Running evals or inspecting logprobs reveals a lot of misalignment available and active outside the top 90% of the distribution, and distribution is indeed a key factor. The longer and the less coherent inputs, the worse the outputs
Can you be so kind as to provide a source for “Claude has no pointer to any of human values” being a common sentiment. You may have misunderstood people like me who believe: Claude has some understanding or representation of human morality but that’s distinctively different from robustly wanting to follow those like some Humans would. Or do you mean: "why would you expect Claude to behave unethically with more power if it behaves ethically with current power?"
Edit: I am highly confident that he is badly misunderstanding people, me asking for a citation or quote is not a reason to down vote me. It is necessary to clarify the misunderstanding that he gives us an original example. I am not sure what he means by "pointer at", the literal meaning would be something pointing perhaps at an internal representation.
I put it into deepresearch and got this quote from habryka: https://x.com/ohabryka/status/2013715170498076836
I vaguely thought the argument is something to do with not having some sort of "ground truth" feedback mechanism (i.e. the human reward function / steering subsystem). Like to do cev / reflective equilibrium type stuff, you need to be able to query some base set of intuitions.
This is the vibe I got from the Putin > claude post, but idk..
I sometimes hear people say things like, "While we have a bunch of uncertainty over what powerful AIs' motivations will be, it seems like whatever it ends up being is going to be heavily overdetermined, and therefore changing its motivations is quite intractable." I disagree with this take. I think we have various pieces of evidence that motivations are quite contingent on a set of variables within reach.
First, in humans. We see a pretty broad range of human motivations:
I would be happy to give huge amounts of power to some humans but not others. And for those others, there's a wide variety of ways they might be misaligned. Many people are too selfish to themselves and/or their families; many people are ideological about a cause or belief; the most notable worry with some people is that they are sadistic or vengeful; etc.
This variation is somehow explained primarily by something like ~~1kB of genetic information and the set of experiences people had. This is a pretty small amount of information.

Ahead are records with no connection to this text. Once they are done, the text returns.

definition bad_shift :: "nat \<Rightarrow> nat \<Rightarrow> ((nat \<Rightarrow> nat) \<Rightarrow> nat \<Rightarrow> bool) \<Rightarrow> nat set
     \<Rightarrow> nat \<Rightarrow> nat \<Rightarrow> nat \<Rightarrow> (nat \<Rightarrow> nat) \<Rightarrow> bool" where
  "bad_shift N m f S l k n i \<longleftrightarrow>
     real (card {u\<in>{0..<n}. covered N m f S (eq_block l k n i u)}) \<ge> real n / 4"

end

theory Submission
  imports Defs
begin

text \<open>Fix a position u. A coordinate c \<notin> S covering B_u(i) must affect x_u, and by
  d-locality at most d coordinates do. For such a c, the shift vectors i with B_u(i) inside
  the bits affected by c form a product set whose j-th factor is a cyclic shift of the set of
  bits of y^(j) affected by c; its size is a product of l numbers with sum at most t, hence at
  most (t/l)^l by AM-GM. Summing over u, the pairs (i, u) with B_u(i) covered number at most
  n d (t/l)^l, and averaging over the n^l shift vectors at threshold n/4 gives the bound.
  Only the bound t on the number of bits affected by c \<notin> S is used: the index bits and the
  assumption that n is a power of two play no role.\<close>

lemma prod_le_mean_power:
  fixes x :: "'a \<Rightarrow> real"
  assumes "finite A" "A \<noteq> {}" "\<And>a. a \<in> A \<Longrightarrow> x a \<ge> 0" "sum x A \<le> s"
  shows "prod x A \<le> (s / card A) ^ card A"
proof -
  have card_pos: "card A > 0" using assms(1,2) by (simp add: card_gt_0_iff)
  have "prod x A powr (1 / card A) \<le> (\<Sum>a\<in>A. x a / card A)"
    using arith_geom_mean[OF assms(1,2)] assms(3) by blast
  also have "\<dots> \<le> s / card A"
    using assms(4) card_pos by (simp add: sum_divide_distrib[symmetric] divide_right_mono)
  finally have root_le: "prod x A powr (1 / card A) \<le> s / card A" .
  have "prod x A = (prod x A powr (1 / card A)) ^ card A"
    using card_pos prod_nonneg[of A x] assms(3)
    by (cases "prod x A = 0") (simp_all add: powr_realpow[symmetric] powr_powr)
  also have "\<dots> \<le> (s / card A) ^ card A"
    by (rule power_mono[OF root_le]) simp
  finally show ?thesis .
qed

lemma sum_card_filter_swap:
  assumes "finite A" "finite B"
  shows "(\<Sum>a\<in>A. card {b\<in>B. P a b}) = (\<Sum>b\<in>B. card {a\<in>A. P a b})"
proof -
  have "(\<Sum>a\<in>A. card {b\<in>B. P a b}) = (\<Sum>a\<in>A. \<Sum>b\<in>B. of_bool (P a b))"
    using assms by (simp add: Int_def conj_commute)
  also have "\<dots> = (\<Sum>b\<in>B. \<Sum>a\<in>A. of_bool (P a b))"
    by (rule sum.swap)
  also have "\<dots> = (\<Sum>b\<in>B. card {a\<in>A. P a b})"
    using assms by (simp add: Int_def conj_commute)
  finally show ?thesis .
qed

lemma card_filter_ge_mult_le_sum:
  fixes g :: "'a \<Rightarrow> real"
  assumes "finite A" "\<And>a. a \<in> A \<Longrightarrow> g a \<ge> 0"
  shows "real (card {a\<in>A. c \<le> g a}) * c \<le> (\<Sum>a\<in>A. g a)"
proof -
  have "real (card {a\<in>A. c \<le> g a}) * c = (\<Sum>a\<in>{a\<in>A. c \<le> g a}. c)" by simp
  also have "\<dots> \<le> (\<Sum>a\<in>{a\<in>A. c \<le> g a}. g a)" by (rule sum_mono) simp
  also have "\<dots> \<le> (\<Sum>a\<in>A. g a)" using assms by (intro sum_mono2) auto
  finally show ?thesis .
qed

lemma card_filter_bij_betw:
  assumes "bij_betw g A A"
  shows "card {a\<in>A. P (g a)} = card {a\<in>A. P a}"
proof -
  have "bij_betw g {a\<in>A. P (g a)} {a\<in>A. P a}"
    using assms by (auto simp: bij_betw_def inj_on_def image_iff)
  then show ?thesis by (rule bij_betw_same_card)
qed

lemma bij_betw_diff_mod:
  "bij_betw (\<lambda>v. nat ((int u - int v) mod int n)) {0..<n} {0..<n}"
proof -
  let ?g = "\<lambda>v. nat ((int u - int v) mod int n)"
  have involution: "\<forall>v\<in>{0..<n}. ?g (?g v) = v"
  proof
    fix v assume "v \<in> {0..<n}"
    then have "?g (?g v) = nat ((int u - (int u - int v)) mod int n)"
      by (simp add: mod_diff_right_eq)
    also have "\<dots> = v" using \<open>v \<in> {0..<n}\<close> by simp
    finally show "?g (?g v) = v" .
  qed
  have maps_to: "?g ` {0..<n} \<subseteq> {0..<n}"
    by (auto simp: nat_less_iff)
  show ?thesis
    using involution involution maps_to maps_to by (rule bij_betw_byWitness)
qed

lemma finite_shift_vectors: "finite (shift_vectors l n)"
  by (simp add: shift_vectors_def finite_PiE)

lemma card_shift_vectors: "card (shift_vectors l n) = n ^ l"
  by (simp add: shift_vectors_def card_PiE)

lemma card_shift_vectors_block_subset:
  "card {i \<in> shift_vectors l n. eq_block l k n i u \<subseteq> A} =
     (if x_pos l k n u \<in> A then (\<Prod>j\<in>{0..<l}. card {w\<in>{0..<n}. y_pos l k n j w \<in> A}) else 0)"
proof (cases "x_pos l k n u \<in> A")
  case True
  let ?shift = "\<lambda>v. nat ((int u - int v) mod int n)"
  have "{i \<in> shift_vectors l n. eq_block l k n i u \<subseteq> A} =
      PiE {0..<l} (\<lambda>j. {v\<in>{0..<n}. y_pos l k n j (?shift v) \<in> A})"
    using True by (auto simp: shift_vectors_def eq_block_def PiE_iff extensional_def)
  then have "card {i \<in> shift_vectors l n. eq_block l k n i u \<subseteq> A} =
      (\<Prod>j\<in>{0..<l}. card {v\<in>{0..<n}. y_pos l k n j (?shift v) \<in> A})"
    by (simp add: card_PiE)
  also have "\<dots> = (\<Prod>j\<in>{0..<l}. card {w\<in>{0..<n}. y_pos l k n j w \<in> A})"
    by (intro prod.cong refl card_filter_bij_betw bij_betw_diff_mod)
  finally show ?thesis using True by simp
next
  case False
  then show ?thesis by (simp add: eq_block_def)
qed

Second, in current LLMs. We can get LLMs to behave roughly according to a wide variety of motivations, including intended motivations, scheming motivations and reward-seeking motivations. This is largely a function of how the training data maps onto pretraining priors (so this evidence is therefore not statistically independent of the human evidence). If we observe that RLing models on reward-hackable objectives causes them to be broadly misaligned, then we can tell the model that reward-hacking during training is ok, and the model doesn't end up broadly misaligned.
I'm pointing at evidence that the motivations of agents aren't overdetermined, which is in turn some evidence that developers can influence AI motivations if they can correctly identify the levers (which may be hard with status-quo behavioral oversight!). I'm definitely not claiming that alignment of sovereign superintelligence is easy. I think that alignment sufficiently robust to withstand sovereign superintelligent optimization is a narrow target (if people try to make sovereign superintelligence). But this is some reason why I think attaining trustworthy corrigible assistants of intermediate-but-transformative capability levels may be tractable.